■ **TRY IT**
Return each line of the data below that contains the string "then".

■ **RECORDS FOR THIS EXERCISE**
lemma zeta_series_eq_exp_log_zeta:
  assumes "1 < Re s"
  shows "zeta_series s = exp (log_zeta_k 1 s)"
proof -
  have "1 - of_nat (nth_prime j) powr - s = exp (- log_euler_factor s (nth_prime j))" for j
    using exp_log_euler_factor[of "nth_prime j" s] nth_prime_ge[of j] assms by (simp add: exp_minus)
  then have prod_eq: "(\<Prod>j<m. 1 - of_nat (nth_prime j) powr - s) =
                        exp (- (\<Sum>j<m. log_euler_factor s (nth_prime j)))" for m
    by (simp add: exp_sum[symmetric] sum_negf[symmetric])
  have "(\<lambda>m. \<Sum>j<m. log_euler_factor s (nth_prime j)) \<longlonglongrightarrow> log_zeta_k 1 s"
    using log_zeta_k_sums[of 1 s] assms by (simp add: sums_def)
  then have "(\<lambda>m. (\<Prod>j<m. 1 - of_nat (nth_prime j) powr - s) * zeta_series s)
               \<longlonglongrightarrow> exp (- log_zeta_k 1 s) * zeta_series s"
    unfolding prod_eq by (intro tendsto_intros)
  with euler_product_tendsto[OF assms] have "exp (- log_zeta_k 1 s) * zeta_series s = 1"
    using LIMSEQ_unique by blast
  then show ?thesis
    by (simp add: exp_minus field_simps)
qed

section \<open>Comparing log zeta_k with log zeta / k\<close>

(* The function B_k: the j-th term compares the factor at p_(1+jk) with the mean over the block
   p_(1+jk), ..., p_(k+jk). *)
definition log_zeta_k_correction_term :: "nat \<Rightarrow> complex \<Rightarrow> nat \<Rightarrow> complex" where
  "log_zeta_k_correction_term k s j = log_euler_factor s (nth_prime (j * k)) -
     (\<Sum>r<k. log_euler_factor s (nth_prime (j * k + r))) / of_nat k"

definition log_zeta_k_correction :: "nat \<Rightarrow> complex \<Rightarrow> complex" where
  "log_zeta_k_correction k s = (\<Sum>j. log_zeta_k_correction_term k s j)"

■ **EXERCISE ANSWER**
  then have prod_eq: "(\<Prod>j<m. 1 - of_nat (nth_prime j) powr - s) =
  then have "(\<lambda>m. (\<Prod>j<m. 1 - of_nat (nth_prime j) powr - s) * zeta_series s)
  then show ?thesis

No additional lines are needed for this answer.